The EUR remains trapped between 1.1200 to 1.1400 over the past six weeks. It continues to whipsaw in both bullish and bearish trends relative to economic data or Fed speak that seem to last a few hours to a day or two before momentum wanes and paralysis sets in. Expect more of the same next week. 


Brexit uncertainty continues to hinder and undermine this currency and despite periods of U.S. dollar weakness, the GBP has difficulty gaining upward traction.  Political developments have narrowed the Tory field to two candidates with Boris Johnson remaining the heavy favorite. He too, will face a daunting task of facing a much divided country and Parliament in reaching a conclusion to the Brexit process. Expect the GBP to lag behind the advancement of other currencies and remain susceptible to weakness.


For the past three months, the JPY has been one of the top performing major currency appreciating by near 4%. The combination of a weakening U.S. economy and the collapse of U.S. interest rates is behind the JPY’s outperformance. Continue to expect the JPY to track U.S. – Japanese interest rate differentials and be most sensitive to “risk-on” or “risk-off” strategies.

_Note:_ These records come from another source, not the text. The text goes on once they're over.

definition test_fun :: "'a::euclidean_space set \<Rightarrow> ('a \<Rightarrow> real) \<Rightarrow> bool" where
  "test_fun \<Omega> \<phi> \<longleftrightarrow> smooth_on UNIV \<phi> \<and> compact (closure {x. \<phi> x \<noteq> 0}) \<and>
     closure {x. \<phi> x \<noteq> 0} \<subseteq> \<Omega>"

definition H01_pair :: "'a::euclidean_space set \<Rightarrow> ('a \<Rightarrow> real) \<Rightarrow> ('a \<Rightarrow> 'a) \<Rightarrow> bool" where
  "H01_pair \<Omega> u g \<longleftrightarrow>
     u \<in> borel_measurable (lebesgue_on \<Omega>) \<and> g \<in> borel_measurable (lebesgue_on \<Omega>) \<and>
     (\<exists>\<phi>::nat \<Rightarrow> 'a \<Rightarrow> real. (\<forall>n. test_fun \<Omega> (\<phi> n)) \<and>
        (\<forall>n. integrable (lebesgue_on \<Omega>) (\<lambda>x. (\<phi> n x - u x)^2)) \<and>
        (\<forall>n. integrable (lebesgue_on \<Omega>) (\<lambda>x. (norm (grad (\<phi> n) x - g x))^2)) \<and>
        (\<lambda>n. integral\<^sup>L (lebesgue_on \<Omega>) (\<lambda>x. (\<phi> n x - u x)^2)) \<longlonglongrightarrow> 0 \<and>
        (\<lambda>n. integral\<^sup>L (lebesgue_on \<Omega>) (\<lambda>x. (norm (grad (\<phi> n) x - g x))^2)) \<longlonglongrightarrow> 0)"

definition H01 :: "'a::euclidean_space set \<Rightarrow> ('a \<Rightarrow> real) set" where
  "H01 \<Omega> = {u. \<exists>g. H01_pair \<Omega> u g}"

definition wgrad :: "'a::euclidean_space set \<Rightarrow> ('a \<Rightarrow> real) \<Rightarrow> 'a \<Rightarrow> 'a" where
  "wgrad \<Omega> u = (SOME g. H01_pair \<Omega> u g)"

definition hnorm2 :: "'a::euclidean_space set \<Rightarrow> ('a \<Rightarrow> real) \<Rightarrow> real" where
  "hnorm2 \<Omega> u = integral\<^sup>L (lebesgue_on \<Omega>) (\<lambda>x. (norm (wgrad \<Omega> u x))^2)"

text \<open>Topology of H_0^1 (elements are represented by functions; the norm only
  sees a.e. classes).\<close>
definition H_open :: "'a::euclidean_space set \<Rightarrow> ('a \<Rightarrow> real) set \<Rightarrow> bool" where
  "H_open \<Omega> A \<longleftrightarrow> A \<subseteq> H01 \<Omega> \<and>
     (\<forall>u\<in>A. \<exists>e>0. \<forall>v\<in>H01 \<Omega>. hnorm2 \<Omega> (\<lambda>x. v x - u x) < e \<longrightarrow> v \<in> A)"

definition H_closure :: "'a::euclidean_space set \<Rightarrow> ('a \<Rightarrow> real) set \<Rightarrow> ('a \<Rightarrow> real) set" where
  "H_closure \<Omega> A = {u\<in>H01 \<Omega>. \<forall>e>0. \<exists>v\<in>A. hnorm2 \<Omega> (\<lambda>x. v x - u x) < e}"

definition H_interior :: "'a::euclidean_space set \<Rightarrow> ('a \<Rightarrow> real) set \<Rightarrow> ('a \<Rightarrow> real) set" where
  "H_interior \<Omega> A = {u\<in>A. \<exists>e>0. \<forall>v\<in>H01 \<Omega>. hnorm2 \<Omega> (\<lambda>x. v x - u x) < e \<longrightarrow> v \<in> A}"

definition H_boundary :: "'a::euclidean_space set \<Rightarrow> ('a \<Rightarrow> real) set \<Rightarrow> ('a \<Rightarrow> real) set" where
  "H_boundary \<Omega> A = H_closure \<Omega> A - H_interior \<Omega> A"

definition is_eigenvalue :: "'a::euclidean_space set \<Rightarrow> ('a \<Rightarrow> real) \<Rightarrow> real \<Rightarrow> bool" where
  "is_eigenvalue \<Omega> \<theta> l \<longleftrightarrow> (\<exists>u\<in>H01 \<Omega>. \<not> (AE x in lebesgue_on \<Omega>. u x = 0) \<and>
     (\<forall>v\<in>H01 \<Omega>. integral\<^sup>L (lebesgue_on \<Omega>) (\<lambda>x. wgrad \<Omega> u x \<bullet> wgrad \<Omega> v x)
                = l * integral\<^sup>L (lebesgue_on \<Omega>) (\<lambda>x. \<theta> x * u x * v x)))"

definition pos_eigs :: "'a::euclidean_space set \<Rightarrow> ('a \<Rightarrow> real) \<Rightarrow> real set" where
  "pos_eigs \<Omega> \<theta> = {l. l > 0 \<and> is_eigenvalue \<Omega> \<theta> l}"

text \<open>eig_aux k = the (k+1)-th smallest distinct positive eigenvalue (\<infinity> if none).\<close>
fun eig_aux :: "'a::euclidean_space set \<Rightarrow> ('a \<Rightarrow> real) \<Rightarrow> nat \<Rightarrow> ereal" where
  "eig_aux \<Omega> \<theta> 0 = Inf (ereal ` pos_eigs \<Omega> \<theta>)"
| "eig_aux \<Omega> \<theta> (Suc k) = Inf (ereal ` {l \<in> pos_eigs \<Omega> \<theta>. ereal l > eig_aux \<Omega> \<theta> k})"

text \<open>lambda_k(\<theta>) for k \<ge> 1; lambda_1(0) = \<infinity>.\<close>
definition lambda_eig :: "'a::euclidean_space set \<Rightarrow> ('a \<Rightarrow> real) \<Rightarrow> nat \<Rightarrow> ereal" where
  "lambda_eig \<Omega> \<theta> k = eig_aux \<Omega> \<theta> (k - 1)"

definition caratheodory :: "'a::euclidean_space set \<Rightarrow> ('a \<Rightarrow> real \<Rightarrow> real) \<Rightarrow> bool" where
  "caratheodory \<Omega> f \<longleftrightarrow> (\<forall>t. (\<lambda>x. f x t) \<in> borel_measurable (lebesgue_on \<Omega>)) \<and>
     (AE x in lebesgue_on \<Omega>. continuous_on UNIV (f x))"

definition Linf :: "'a::euclidean_space set \<Rightarrow> ('a \<Rightarrow> real) \<Rightarrow> bool" where
  "Linf \<Omega> \<theta> \<longleftrightarrow> \<theta> \<in> borel_measurable (lebesgue_on \<Omega>) \<and>
     (\<exists>C. AE x in lebesgue_on \<Omega>. \<bar>\<theta> x\<bar> \<le> C)"

definition nehari :: "'a::euclidean_space set \<Rightarrow> ('a \<Rightarrow> real \<Rightarrow> real) \<Rightarrow> ('a \<Rightarrow> real) set" where
  "nehari \<Omega> f = {u \<in> H01 \<Omega>. \<not> (AE x in lebesgue_on \<Omega>. u x = 0) \<and>
      hnorm2 \<Omega> u = integral\<^sup>L (lebesgue_on \<Omega>) (\<lambda>x. f x (u x) * u x)}"

definition unit_sphere :: "'a::euclidean_space set \<Rightarrow> ('a \<Rightarrow> real) set" where
  "unit_sphere \<Omega> = {u \<in> H01 \<Omega>. hnorm2 \<Omega> u = 1}"

definition setA :: "'a::euclidean_space set \<Rightarrow> ('a \<Rightarrow> real) \<Rightarrow> ('a \<Rightarrow> real) set" where
  "setA \<Omega> \<eta> = {u \<in> H01 \<Omega>. hnorm2 \<Omega> u < integral\<^sup>L (lebesgue_on \<Omega>) (\<lambda>x. \<eta> x * (u x)^2)}"

end

theory Submission
  imports Defs
begin

(*
  Write Q(u) = ||u||^2 - \<integral> \<eta> u^2, so that A = {Q < 0}. Weak gradients are unique, so ||.||^2
  is a quadratic form on H_0^1 and Q(u + t v) is a quadratic polynomial in t; by Cauchy-Schwarz and
  the Poincare inequality Q is continuous. Hence A is open, its complement is {Q \<ge> 0}, and no
  point with Q > 0 lies in the closure of A. Since \<lambda>_m(\<eta>) < 1 there is an eigenvalue \<lambda> < 1 of
  weight \<eta>, and its eigenfunction u0 has Q(u0) = (\<lambda> - 1) \<integral> \<eta> u0^2 < 0. So A is nonempty, a
  multiple of u0 lies on the unit sphere, and every zero u of Q is the limit of points u + t u0 of
  A, which identifies the boundary. Finally the monotonicity of f(x,t)/t gives f(x,t) t < \<eta>(x) t^2
  for t \<noteq> 0, whence N \<subseteq> A. Only openness and boundedness of \<Omega>, the bound on \<eta>, and the parts
  of (f_1) and (f_2) that involve \<eta> are used.
*)

section \<open>Compactly supported functions on Euclidean space\<close>

lemma frechet_derivative_eq_0_on_open:
  fixes F :: "'a::euclidean_space \<Rightarrow> real"
  assumes "open U" "x \<in> U" "\<And>y. y \<in> U \<Longrightarrow> F y = 0"
  shows "frechet_derivative F (at x) = (\<lambda>_. 0)"
proof -
  have "((\<lambda>_. 0::real) has_derivative (\<lambda>_. 0)) (at x)" by simp
  then have "(F has_derivative (\<lambda>_. 0)) (at x)"
    by (rule has_derivative_transform_within_open[OF _ assms(1,2)]) (use assms(3) in auto)
  then show ?thesis by (rule frechet_derivative_at[symmetric])
qed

Up to the beginning of June, the CAD had remained range bound testing both the upper and lower limits (1.3500 to 1.3100) numerous times with the net result of a near unchanged CAD since January. Since June, the CAD has appreciated 3.10% as a combination of lower U.S. interest rates and improving CAD economic data have it testing the key 1.3100 level again. The Bank of Canada stood pat this week and in light of dovish tendencies in other key G7 central banks (US), the C$ appears to be entering a new higher range.


After weakening sharply in April and May, the CNY finally stabilized in June. After the FOMC meeting on June 19th, the CNY has reflected overall U.S. dollar weakness but has returned to a consolidation pattern in July despite the temporary trade truce between the U.S and China and another leg down in U.S. interest rates. Expect more consolidation this week.

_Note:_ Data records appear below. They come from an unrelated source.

definition gen_L :: "(real^'n \<Rightarrow> real^'n^'n) \<Rightarrow> (real^'n \<Rightarrow> real) \<Rightarrow> real^'n \<Rightarrow> real" where
  "gen_L \<sigma> f x = 1/2 * trace (\<sigma> x ** transpose (\<sigma> x) ** hess f x)"

end

theory Submission
  imports Defs
begin

text \<open>
  All operators in the expression are homogeneous of degree one in \<open>\<Phi>\<close>, so it equals
  \<open>exp (L (T - t))\<close> times \<open>L \<Psi> - \<L>\<Psi> - \<mu> \<Psi> - b |\<nabla>\<Psi> \<sigma>|\<close>, which by the Lyapunov and gradient
  bounds is at least \<open>(L - \<lambda> - \<mu> - |c|) \<Psi> - \<lambda>\<close>. This is positive for large \<open>L\<close> because \<open>\<Psi>\<close>
  is bounded below by some \<open>m > 0\<close>: it exceeds 1 near the boundary \<open>\<O>\<close> and for large \<open>x\<close>, and
  on the remaining compact set it is a positive continuous function.
\<close>

lemma open_pos_orthant: "open (pos_orthant :: (real^'n) set)"
proof -
  have "pos_orthant = (\<Inter>i. {x::real^'n. 0 < x $ i})"
    unfolding pos_orthant_def by auto
  moreover have "open {x::real^'n. 0 < x $ i}" for i
    by (rule open_Collect_less) (auto intro: continuous_intros)
  ultimately show ?thesis by (metis finite open_INT)
qed

lemma compact_sublevel_pos_orthant:
  fixes \<Psi> :: "real^'n \<Rightarrow> real"
  assumes cont: "continuous_on pos_orthant \<Psi>"
    and blowup: "\<forall>xb\<in>bdry_O. filterlim \<Psi> at_top (at xb within pos_orthant)"
  shows "compact {x\<in>pos_orthant. (\<Sum>i\<in>UNIV. x $ i) \<le> R \<and> \<Psi> x \<le> a}"
    (is "compact ?K")
proof -
  have "closed ?K"
    unfolding closed_sequential_limits
  proof (intro allI impI, elim conjE)
    fix X :: "nat \<Rightarrow> real^'n" and l
    assume XK: "\<forall>n. X n \<in> ?K" and Xl: "X \<longlonglongrightarrow> l"
    have comp: "(\<lambda>n. X n $ i) \<longlonglongrightarrow> l $ i" for i
      using Xl by (rule tendsto_vec_nth)
    have nonneg: "l $ i \<ge> 0" for i
      by (rule LIMSEQ_le_const[OF comp]) (use XK in \<open>auto simp: pos_orthant_def less_imp_le\<close>)
    have "(\<lambda>n. \<Sum>i\<in>UNIV. X n $ i) \<longlonglongrightarrow> (\<Sum>i\<in>UNIV. l $ i)"
      by (intro tendsto_sum comp)
    then have sum_le: "(\<Sum>i\<in>UNIV. l $ i) \<le> R"
      by (rule LIMSEQ_le_const2) (use XK in auto)
    show "l \<in> ?K"
    proof (cases "l \<in> pos_orthant")
      case True
      then have "isCont \<Psi> l"
        using cont open_pos_orthant continuous_on_eq_continuous_at by blast
      then have "(\<lambda>n. \<Psi> (X n)) \<longlonglongrightarrow> \<Psi> l"
        using Xl by (rule isCont_tendsto_compose)
      then have "\<Psi> l \<le> a"
        by (rule LIMSEQ_le_const2) (use XK in auto)
      then show ?thesis using True sum_le by auto
    next
      case False
      then have "l \<in> bdry_O"
        using nonneg unfolding pos_orthant_def bdry_O_def by (auto simp: not_less intro: antisym)
      then have lim: "filterlim \<Psi> at_top (at l within pos_orthant)"
        using blowup by auto
      have "filterlim X (at l within pos_orthant) sequentially"
        unfolding filterlim_at using Xl XK False by (auto intro!: always_eventually)
      then have "filterlim (\<lambda>n. \<Psi> (X n)) at_top sequentially"
        using filterlim_compose[OF lim] by blast
      then obtain n where "\<Psi> (X n) > a"
        by (metis filterlim_at_top_dense eventually_sequentially order_refl)
      moreover have "\<Psi> (X n) \<le> a"
        using XK by auto
      ultimately show ?thesis by simp
    qed
  qed
  moreover have "?K \<subseteq> cbox 0 (\<chi> i. R)"
  proof
    fix x assume xK: "x \<in> ?K"
    then have nonneg: "\<forall>i. 0 \<le> x $ i"
      by (auto simp: pos_orthant_def less_imp_le)
    have "x $ i \<le> R" for i
      using member_le_sum[of i UNIV "\<lambda>j. x $ j"] nonneg xK by auto
    then show "x \<in> cbox 0 (\<chi> i. R)"
      using nonneg by (auto simp: mem_box_cart)
  qed
  then have "bounded ?K"
    using bounded_cbox bounded_subset by blast
  ultimately show ?thesis
    using compact_eq_bounded_closed by blast
qed

lemma pos_orthant_uniform_lower_bound:
  fixes \<Psi> :: "real^'n \<Rightarrow> real"
  assumes pos: "\<forall>x\<in>pos_orthant. \<Psi> x > 0"
    and cont: "continuous_on pos_orthant \<Psi>"
    and blowup: "\<forall>xb\<in>bdry_O. filterlim \<Psi> at_top (at xb within pos_orthant)"
    and far: "\<forall>x\<in>pos_orthant. (\<Sum>i\<in>UNIV. x $ i) \<ge> R \<longrightarrow> \<Psi> x \<ge> 1"
  shows "\<exists>m>0. \<forall>x\<in>pos_orthant. \<Psi> x \<ge> m"
proof -
  define K where "K = {x\<in>pos_orthant. (\<Sum>i\<in>UNIV. x $ i) \<le> R \<and> \<Psi> x \<le> 1}"
  have outside: "\<Psi> x \<ge> 1" if "x \<in> pos_orthant" "x \<notin> K" for x
    using that far unfolding K_def by (cases "(\<Sum>i\<in>UNIV. x $ i) \<le> R") auto
  show ?thesis
  proof (cases "K = {}")
    case True
    then show ?thesis using outside by (intro exI[of _ 1]) auto
  next
    case False
    have "compact K"
      unfolding K_def by (rule compact_sublevel_pos_orthant[OF cont blowup])
    moreover have K_sub: "K \<subseteq> pos_orthant"
      unfolding K_def by auto
    ultimately obtain x0 where x0: "x0 \<in> K" "\<forall>y\<in>K. \<Psi> x0 \<le> \<Psi> y"
      using continuous_attains_inf[OF _ False continuous_on_subset[OF cont]] by blast
    have "\<Psi> x \<ge> min 1 (\<Psi> x0)" if "x \<in> pos_orthant" for x
      using x0(2) outside[OF that] by (cases "x \<in> K") auto
    moreover have "\<Psi> x0 > 0"
      using x0(1) K_sub pos by auto
    ultimately show ?thesis
      by (intro exI[of _ "min 1 (\<Psi> x0)"]) auto
  qed
qed

lemma superlinear_imp_ge_one_far:
  fixes \<Psi> :: "real^'n \<Rightarrow> real"
  assumes growth: "\<forall>M>0. \<exists>R. \<forall>x\<in>pos_orthant. (\<Sum>i\<in>UNIV. x $ i) \<ge> R \<longrightarrow>
                     \<Psi> x / (\<Sum>i\<in>UNIV. x $ i) \<ge> M"
  shows "\<exists>R. \<forall>x\<in>pos_orthant. (\<Sum>i\<in>UNIV. x $ i) \<ge> R \<longrightarrow> \<Psi> x \<ge> 1"
proof -
  obtain R0 where R0: "\<forall>x\<in>pos_orthant. (\<Sum>i\<in>UNIV. x $ i) \<ge> R0 \<longrightarrow>
                         \<Psi> x / (\<Sum>i\<in>UNIV. x $ i) \<ge> 1"
    using growth by force
  have "\<Psi> x \<ge> 1" if "x \<in> pos_orthant" "(\<Sum>i\<in>UNIV. x $ i) \<ge> max R0 1" for x
  proof -
    have "\<Psi> x / (\<Sum>i\<in>UNIV. x $ i) \<ge> 1" using R0 that by auto
    then show ?thesis using that by (simp add: le_divide_eq)
  qed
  then show ?thesis by blast
qed

lemma deriv_cmult_eventually:
  fixes f g :: "'a::real_normed_field \<Rightarrow> 'a"
  assumes "eventually (\<lambda>s. g s = k * f s) (nhds a)" "f field_differentiable at a"
  shows "deriv g a = k * deriv f a"
proof -
  have "((\<lambda>s. k * f s) has_field_derivative k * deriv f a) (at a)"
    using assms(2) by (intro DERIV_cmult) (simp add: DERIV_deriv_iff_field_differentiable)
  then have "(g has_field_derivative k * deriv f a) (at a)"
    using DERIV_cong_ev[OF refl assms(1) refl] by blast
  then show ?thesis by (rule DERIV_imp_deriv)
qed

lemma eventually_nhds_line_in_open:
  fixes x v :: "'a::real_normed_vector"
  assumes "open S" "x \<in> S"
  shows "eventually (\<lambda>s::real. x + s *\<^sub>R v \<in> S) (nhds 0)"
proof -
  have "open ((\<lambda>s::real. x + s *\<^sub>R v) -` S)"
    by (intro continuous_open_vimage assms(1) continuous_intros)
  then show ?thesis
    using eventually_nhds_in_open[of _ 0] assms(2) by fastforce
qed

lemma field_differentiable_along_line:
  fixes f :: "'a::real_normed_vector \<Rightarrow> real"
  assumes "(f has_derivative D) (at y)"
  shows "(\<lambda>s::real. f (y + s *\<^sub>R v)) field_differentiable at 0"
proof -
  have "((\<lambda>s::real. y + s *\<^sub>R v) has_derivative (\<lambda>h. h *\<^sub>R v)) (at 0)"
    by (auto intro!: derivative_eq_intros)
  moreover have "(f has_derivative D) (at (y + 0 *\<^sub>R v))"
    using assms by simp
  ultimately have "((\<lambda>s. f (y + s *\<^sub>R v)) has_derivative (\<lambda>h. D (h *\<^sub>R v))) (at 0)"
    by (rule has_derivative_compose)
  then show ?thesis
    by (metis differentiableI field_differentiable_def differentiable_def real_differentiable_def)
qed

lemma partial_cmult:
  fixes \<Psi> :: "real^'n \<Rightarrow> real"
  assumes "(\<Psi> has_derivative D) (at y)"
  shows "partial (\<lambda>z. k * \<Psi> z) y j = k * partial \<Psi> y j"
  unfolding partial_def
  by (rule deriv_cmult_eventually) (auto intro: field_differentiable_along_line[OF assms])

lemma grad_cmult:
  fixes \<Psi> :: "real^'n \<Rightarrow> real"
  assumes "(\<Psi> has_derivative D) (at y)"
  shows "grad (\<lambda>z. k * \<Psi> z) y = k *\<^sub>R grad \<Psi> y"
  unfolding grad_def using partial_cmult[OF assms] by (simp add: vec_eq_iff)

lemma hess_cmult:
  fixes \<Psi> :: "real^'n \<Rightarrow> real"
  assumes S: "open S" and C2: "C2_on S \<Psi>" and x: "x \<in> S"
  shows "hess (\<lambda>z. k * \<Psi> z) x = k *\<^sub>R hess \<Psi> x"
proof -
  have diff: "(\<Psi> has_derivative (\<lambda>h. grad \<Psi> y \<bullet> h)) (at y)" if "y \<in> S" for y
    using C2 that unfolding C2_on_def by blast
  have entry: "partial (\<lambda>y. partial (\<lambda>z. k * \<Psi> z) y j) x i
             = k * partial (\<lambda>y. partial \<Psi> y j) x i" for i j
    unfolding partial_def[of "\<lambda>y. partial (\<lambda>z. k * \<Psi> z) y j"]
      partial_def[of "\<lambda>y. partial \<Psi> y j"]
  proof (rule deriv_cmult_eventually)
    show "\<forall>\<^sub>F s in nhds 0. partial (\<lambda>z. k * \<Psi> z) (x + s *\<^sub>R axis i 1) j
                          = k * partial \<Psi> (x + s *\<^sub>R axis i 1) j"
      using eventually_nhds_line_in_open[OF S x, of "axis i 1"]
      by (rule eventually_mono) (simp add: partial_cmult[OF diff])
    have "(grad \<Psi> has_derivative (\<lambda>h. transpose (hess \<Psi> x) *v h)) (at x)"
      using C2 x unfolding C2_on_def by blast
    then have "((\<lambda>y. grad \<Psi> y $ j) has_derivative (\<lambda>h. (transpose (hess \<Psi> x) *v h) $ j)) (at x)"
      by (rule bounded_linear.has_derivative[OF bounded_linear_vec_nth])
    then show "(\<lambda>s. partial \<Psi> (x + s *\<^sub>R axis i 1) j) field_differentiable at 0"
      unfolding grad_def vec_lambda_beta by (rule field_differentiable_along_line)
  qed
  show ?thesis
    unfolding hess_def using entry by (simp add: vec_eq_iff)
qed

lemma trace_matrix_mult_scaleR:
  "trace (A ** (k *\<^sub>R H)) = k * trace (A ** (H :: real^'n^'n))"
proof -
  have "A ** (k *\<^sub>R H) = k *\<^sub>R (A ** H)"
    by (simp add: matrix_matrix_mult_def vec_eq_iff sum_distrib_left mult.left_commute)
  then show ?thesis
    unfolding trace_def by (simp add: sum_distrib_left)
qed

lemma gen_L_cmult:
  fixes \<Psi> :: "real^'n \<Rightarrow> real"
  assumes "open S" "C2_on S \<Psi>" "x \<in> S"
  shows "gen_L \<sigma> (\<lambda>z. k * \<Psi> z) x = k * gen_L \<sigma> \<Psi> x"
  unfolding gen_L_def hess_cmult[OF assms] trace_matrix_mult_scaleR by simp

lemma exponential_supersolution_eq:
  fixes \<Psi> :: "real^'n \<Rightarrow> real" and L T t :: real
  assumes "C2_on pos_orthant \<Psi>" "x \<in> pos_orthant"
  defines "\<Phi> \<equiv> \<lambda>s y. exp (L * (T - s)) * \<Psi> y"
  shows "- deriv (\<lambda>s. \<Phi> s x) t - gen_L \<sigma> (\<Phi> t) x - \<mu> * \<Phi> t x
           - b x * norm (grad (\<Phi> t) x v* \<sigma> x)
         = exp (L * (T - t)) * (L * \<Psi> x - gen_L \<sigma> \<Psi> x - \<mu> * \<Psi> x
           - b x * norm (grad \<Psi> x v* \<sigma> x))"
proof -
  define E where "E = exp (L * (T - t))"
  have "((\<lambda>s. exp (L * (T - s)) * \<Psi> x) has_field_derivative - L * E * \<Psi> x) (at t)"
    unfolding E_def by (auto intro!: derivative_eq_intros)
  then have "deriv (\<lambda>s. \<Phi> s x) t = - L * E * \<Psi> x"
    unfolding \<Phi>_def by (rule DERIV_imp_deriv)
  moreover have "gen_L \<sigma> (\<Phi> t) x = E * gen_L \<sigma> \<Psi> x"
    unfolding \<Phi>_def E_def by (rule gen_L_cmult[OF open_pos_orthant assms(1,2)])
  moreover have "(\<Psi> has_derivative (\<lambda>h. grad \<Psi> x \<bullet> h)) (at x)"
    using assms(1,2) unfolding C2_on_def by blast
  then have "norm (grad (\<Phi> t) x v* \<sigma> x) = E * norm (grad \<Psi> x v* \<sigma> x)"
    unfolding \<Phi>_def E_def by (simp add: grad_cmult scaleR_vector_matrix_assoc)
  ultimately show ?thesis
    unfolding \<Phi>_def E_def[symmetric] by (simp add: algebra_simps)
qed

The AUD remains very resilient and continues to show a near term bottoming pattern. This is despite the RBA cutting interest rates by 25 bps at back to back meetings in June and July. There is an element of the market that believes that the RBA is near the end of its rate cutting cycle.  While susceptible to the U.S. dollar weakness and strength, the AUD, along with the NZD and CAD have been outperforming over the past weeks. Expect a steady to slightly stronger AUD this week.